■ Exercise aim: Transcribe the listing below only from the line with "operand_ok n (L + j) h" up to and including the line with "vs = enc3 (vs".

■ Exercise material:
lemma length_slp_vals: "length (slp_vals x P) = length P"
  by (simp add: slp_vals_def length_slp_vals_aux)

lemma slp_size_le_length: "slp_computes n P out F \<Longrightarrow> slp_size n F \<le> length P"
  unfolding slp_size_def by (rule Least_le) blast

definition slp_wf_from :: "nat \<Rightarrow> nat \<Rightarrow> instr list \<Rightarrow> bool" where
  "slp_wf_from n L P \<longleftrightarrow> (\<forall>j < length P. case P ! j of (f, h, k) \<Rightarrow>
      operand_ok n (L + j) h \<and> operand_ok n (L + j) k)"

lemma slp_wf_iff_slp_wf_from: "slp_wf n P \<longleftrightarrow> slp_wf_from n 0 P"
  by (simp add: slp_wf_def slp_wf_from_def)

lemma slp_wf_from_Nil [simp]: "slp_wf_from n L []"
  by (simp add: slp_wf_from_def)

lemma slp_wf_from_Cons [simp]:
  "slp_wf_from n L ((f, h, k) # P) \<longleftrightarrow>
     operand_ok n L h \<and> operand_ok n L k \<and> slp_wf_from n (Suc L) P"
  by (auto simp: slp_wf_from_def less_Suc_eq_0_disj)

lemma slp_wf_from_append [simp]:
  "slp_wf_from n L (P @ Q) \<longleftrightarrow> slp_wf_from n L P \<and> slp_wf_from n (L + length P) Q"
  by (induction P arbitrary: L) auto

definition weight :: "(nat \<Rightarrow> bool) \<Rightarrow> nat \<Rightarrow> nat" where
  "weight x k = (\<Sum>j<k. of_bool (x j))"

lemma weight_Suc: "weight x (Suc k) = weight x k + of_bool (x k)"
  by (simp add: weight_def)

lemma weight_2: "weight x 2 = of_bool (x 0) + of_bool (x 1)"
  by (simp add: weight_def numeral_2_eq_2)

lemma weight_3: "weight x 3 = of_bool (x 0) + of_bool (x 1) + of_bool (x 2)"
  by (simp add: weight_def numeral_3_eq_3 numeral_2_eq_2)

lemma MOD_fun_iff_weight: "MOD_fun n m r x \<longleftrightarrow> weight x n mod m = r mod m"
proof -
  have "{i. i < n \<and> x i} = {..<n} \<inter> {j. x j}" by auto
  then show ?thesis by (simp add: MOD_fun_def weight_def)
qed

definition enc3 :: "bool \<Rightarrow> bool \<Rightarrow> nat" where
  "enc3 a b = (if b then (if a then 2 else 1) else 0)"

definition last_residue :: "bool list \<Rightarrow> nat" where
  "last_residue vs = enc3 (vs ! (length vs - 2)) (vs ! (length vs - 1))"

lemma enc3_add_Suc: "enc3 (b \<noteq> y) (\<not> (b \<and> (a \<noteq> y))) = (enc3 a b + of_bool y + 1) mod 3"
  by (cases a; cases b; cases y) (auto simp: enc3_def)

lemma enc3_add_eq_2: "(b \<and> (a \<noteq> y)) \<longleftrightarrow> (enc3 a b + of_bool y) mod 3 = 2"
  by (cases a; cases b; cases y) (auto simp: enc3_def)

definition add_input_gates :: "nat \<Rightarrow> nat \<Rightarrow> instr list" where
  "add_input_gates L i =
     [((\<noteq>), Gate (L - 2), Inp i), ((\<noteq>), Gate (L - 1), Inp i), (\<lambda>p q. \<not> (p \<and> q), Gate (L - 1), Gate L)]"

fun add_inputs :: "nat \<Rightarrow> nat \<Rightarrow> nat \<Rightarrow> instr list" where
  "add_inputs L i 0 = []"
| "add_inputs L i (Suc m) = add_input_gates L i @ add_inputs (L + 3) (Suc i) m"

definition test_residue_gates :: "nat \<Rightarrow> nat \<Rightarrow> instr list" where
  "test_residue_gates L j = [((\<noteq>), Gate (L - 2), Inp j), ((\<and>), Gate (L - 1), Gate L)]"

lemma length_add_inputs [simp]: "length (add_inputs L i m) = 3 * m"
  by (induction m arbitrary: L i) (auto simp: add_input_gates_def)

lemma slp_wf_from_add_inputs: "2 \<le> L \<Longrightarrow> i + m \<le> n \<Longrightarrow> slp_wf_from n L (add_inputs L i m)"
  by (induction m arbitrary: L i) (auto simp: add_input_gates_def numeral_3_eq_3)

lemma last_residue_add_input_gates:
  assumes "length vs = L" and "2 \<le> L"
  shows "last_residue (slp_vals_aux x vs (add_input_gates L i)) = (last_residue vs + of_bool (x i) + 1) mod 3"
  using assms enc3_add_Suc[of "vs ! (L - 1)" "x i" "vs ! (L - 2)"]
  by (simp add: add_input_gates_def last_residue_def nth_append)

lemma last_residue_add_inputs:
  assumes "length vs = L" and "2 \<le> L" and "last_residue vs = (c + weight x i) mod 3"
  shows "last_residue (slp_vals_aux x vs (add_inputs L i m)) = (c + weight x (i + m) + m) mod 3"
  using assms
proof (induction m arbitrary: L i vs c)
  case 0
  then show ?case by simp
next
  case (Suc m)
  let ?vs' = "slp_vals_aux x vs (add_input_gates L i)"
  have "last_residue ?vs' = (Suc c + weight x (Suc i)) mod 3"
    using Suc.prems by (simp add: last_residue_add_input_gates weight_Suc mod_simps)
  moreover have "length ?vs' = L + 3"
    using Suc.prems by (simp add: length_slp_vals_aux add_input_gates_def)
  ultimately show ?case
    using Suc.IH[of ?vs' "L + 3" "Suc c" "Suc i"] Suc.prems by (simp add: slp_vals_aux_append)
qed

lemma test_residue_gates_value:
  assumes "length vs = L" and "2 \<le> L"
  shows "opval x (slp_vals_aux x vs (test_residue_gates L j)) (Gate (L + 1)) \<longleftrightarrow>
           (last_residue vs + of_bool (x j)) mod 3 = 2"
  using assms enc3_add_eq_2[of "vs ! (L - 1)" "vs ! (L - 2)" "x j"]
  by (simp add: test_residue_gates_def last_residue_def nth_append)

lemma slp_computes_residue_test:
  assumes wf: "slp_wf n I" and len: "2 \<le> length I" and n: "k + m + 1 = n"
    and init: "\<And>x. last_residue (slp_vals x I) = (c + weight x k) mod 3"
  shows "slp_computes n
           (I @ add_inputs (length I) k m @ test_residue_gates (length I + 3 * m) (n - 1))
           (Gate (length I + 3 * m + 1)) (\<lambda>x. (c + weight x n + m) mod 3 = 2)"
  unfolding slp_computes_def
proof (intro conjI allI)
  show "slp_wf n (I @ add_inputs (length I) k m @ test_residue_gates (length I + 3 * m) (n - 1))"
    using wf len n slp_wf_from_add_inputs[of "length I" k m n]
    by (auto simp: slp_wf_iff_slp_wf_from test_residue_gates_def)
next
  fix x
  let ?W = "slp_vals_aux x (slp_vals x I) (add_inputs (length I) k m)"
  have W: "length ?W = length I + 3 * m" "last_residue ?W = (c + weight x (k + m) + m) mod 3"
    using len init by (simp_all add: last_residue_add_inputs length_slp_vals_aux length_slp_vals)
  have "weight x n = weight x (k + m) + of_bool (x (n - 1))"
    using n by (auto simp: weight_Suc)
  then have "(last_residue ?W + of_bool (x (n - 1))) mod 3 = (c + weight x n + m) mod 3"
    by (simp add: W(2) mod_simps add_ac)
  with W(1) len test_residue_gates_value[of ?W]
  show "opval x (slp_vals x (I @ add_inputs (length I) k m @
        test_residue_gates (length I + 3 * m) (n - 1))) (Gate (length I + 3 * m + 1)) \<longleftrightarrow>
      (c + weight x n + m) mod 3 = 2"
    by (simp add: slp_vals_append slp_vals_aux_append)
qed (use len in \<open>simp add: test_residue_gates_def\<close>)

lemma mod_offset_cancel:
  fixes c m r w q :: nat
  assumes "(c + m + r) mod q = s"
  shows "(c + w + m) mod q = s \<longleftrightarrow> w mod q = r mod q"
proof -
  have "(c + w + m) mod q = s \<longleftrightarrow> [w + (c + m) = r + (c + m)] (mod q)"
    using assms by (simp add: cong_def add_ac)
  also have "\<dots> \<longleftrightarrow> [w = r] (mod q)"
    by (rule cong_add_rcancel_nat)
  finally show ?thesis
    by (simp add: cong_def)
qed

lemma slp_size_MOD3_le:
  assumes "slp_wf n I" and "2 \<le> length I" and "k + m + 1 = n"
    and "\<And>x. last_residue (slp_vals x I) = (c + weight x k) mod 3"
    and "(c + m + r) mod 3 = 2"
  shows "slp_size n (MOD_fun n 3 r) \<le> length I + 3 * m + 2"
proof -
  have "(\<lambda>x. (c + weight x n + m) mod 3 = 2) = MOD_fun n 3 r"
    by (simp add: fun_eq_iff MOD_fun_iff_weight mod_offset_cancel[OF assms(5)])
  then show ?thesis
    using slp_size_le_length[OF slp_computes_residue_test[OF assms(1-4)]]
    by (simp add: test_residue_gates_def)
qed

definition offset_pair_gates :: "nat \<Rightarrow> instr list" where
  "offset_pair_gates c =
     [(\<lambda>p q. (of_bool p + of_bool q + c) mod 3 = (2::nat), Inp 0, Inp 1),
      (\<lambda>p q. (of_bool p + of_bool q + c) mod 3 \<noteq> (0::nat), Inp 0, Inp 1)]"

lemma slp_wf_offset_pair_gates: "2 \<le> n \<Longrightarrow> slp_wf n (offset_pair_gates c)"
  by (simp add: offset_pair_gates_def slp_wf_iff_slp_wf_from)

lemma enc3_mod3: "enc3 (s mod 3 = 2) (s mod 3 \<noteq> 0) = s mod 3"
  unfolding enc3_def by presburger

lemma last_residue_offset_pair_gates:
  "last_residue (slp_vals x (offset_pair_gates c)) = (c + weight x 2) mod 3"
  using enc3_mod3[of "of_bool (x 0) + of_bool (x 1) + c"]
  by (simp add: offset_pair_gates_def slp_vals_def last_residue_def weight_2 add_ac)

definition triple_sum_gates :: "instr list" where
  "triple_sum_gates =
     [((\<noteq>), Inp 0, Inp 1), ((\<noteq>), Inp 0, Inp 2), ((=), Inp 1, Gate 1), ((\<or>), Gate 0, Gate 1)]"

lemma slp_wf_triple_sum_gates: "3 \<le> n \<Longrightarrow> slp_wf n triple_sum_gates"
  by (simp add: triple_sum_gates_def slp_wf_iff_slp_wf_from)

lemma last_residue_triple_sum_gates:
  "last_residue (slp_vals x triple_sum_gates) = weight x 3 mod 3"
  by (cases "x 0"; cases "x 1"; cases "x 2")
    (simp_all add: triple_sum_gates_def slp_vals_def last_residue_def enc3_def weight_3)

definition all_equal3_gates :: "instr list" where
  "all_equal3_gates = [((\<noteq>), Inp 0, Inp 1), ((\<noteq>), Inp 1, Inp 2), (\<lambda>p q. \<not> p \<and> \<not> q, Gate 0, Gate 1)]"

lemma slp_computes_all_equal3_gates: "slp_computes 3 all_equal3_gates (Gate 2) (MOD_fun 3 3 0)"
  unfolding slp_computes_def
proof (intro conjI allI)
  fix x
  show "opval x (slp_vals x all_equal3_gates) (Gate 2) = MOD_fun 3 3 0 x"
    by (cases "x 0"; cases "x 1"; cases "x 2")
      (simp_all add: all_equal3_gates_def slp_vals_def MOD_fun_iff_weight weight_3)
qed (simp_all add: all_equal3_gates_def slp_wf_iff_slp_wf_from)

■ Completed exercise:
      operand_ok n (L + j) h \<and> operand_ok n (L + j) k)"

lemma slp_wf_iff_slp_wf_from: "slp_wf n P \<longleftrightarrow> slp_wf_from n 0 P"
  by (simp add: slp_wf_def slp_wf_from_def)

lemma slp_wf_from_Nil [simp]: "slp_wf_from n L []"
  by (simp add: slp_wf_from_def)

lemma slp_wf_from_Cons [simp]:
  "slp_wf_from n L ((f, h, k) # P) \<longleftrightarrow>
     operand_ok n L h \<and> operand_ok n L k \<and> slp_wf_from n (Suc L) P"
  by (auto simp: slp_wf_from_def less_Suc_eq_0_disj)

lemma slp_wf_from_append [simp]:
  "slp_wf_from n L (P @ Q) \<longleftrightarrow> slp_wf_from n L P \<and> slp_wf_from n (L + length P) Q"
  by (induction P arbitrary: L) auto

definition weight :: "(nat \<Rightarrow> bool) \<Rightarrow> nat \<Rightarrow> nat" where
  "weight x k = (\<Sum>j<k. of_bool (x j))"

lemma weight_Suc: "weight x (Suc k) = weight x k + of_bool (x k)"
  by (simp add: weight_def)

lemma weight_2: "weight x 2 = of_bool (x 0) + of_bool (x 1)"
  by (simp add: weight_def numeral_2_eq_2)

lemma weight_3: "weight x 3 = of_bool (x 0) + of_bool (x 1) + of_bool (x 2)"
  by (simp add: weight_def numeral_3_eq_3 numeral_2_eq_2)

lemma MOD_fun_iff_weight: "MOD_fun n m r x \<longleftrightarrow> weight x n mod m = r mod m"
proof -
  have "{i. i < n \<and> x i} = {..<n} \<inter> {j. x j}" by auto
  then show ?thesis by (simp add: MOD_fun_def weight_def)
qed

definition enc3 :: "bool \<Rightarrow> bool \<Rightarrow> nat" where
  "enc3 a b = (if b then (if a then 2 else 1) else 0)"

definition last_residue :: "bool list \<Rightarrow> nat" where
  "last_residue vs = enc3 (vs ! (length vs - 2)) (vs ! (length vs - 1))"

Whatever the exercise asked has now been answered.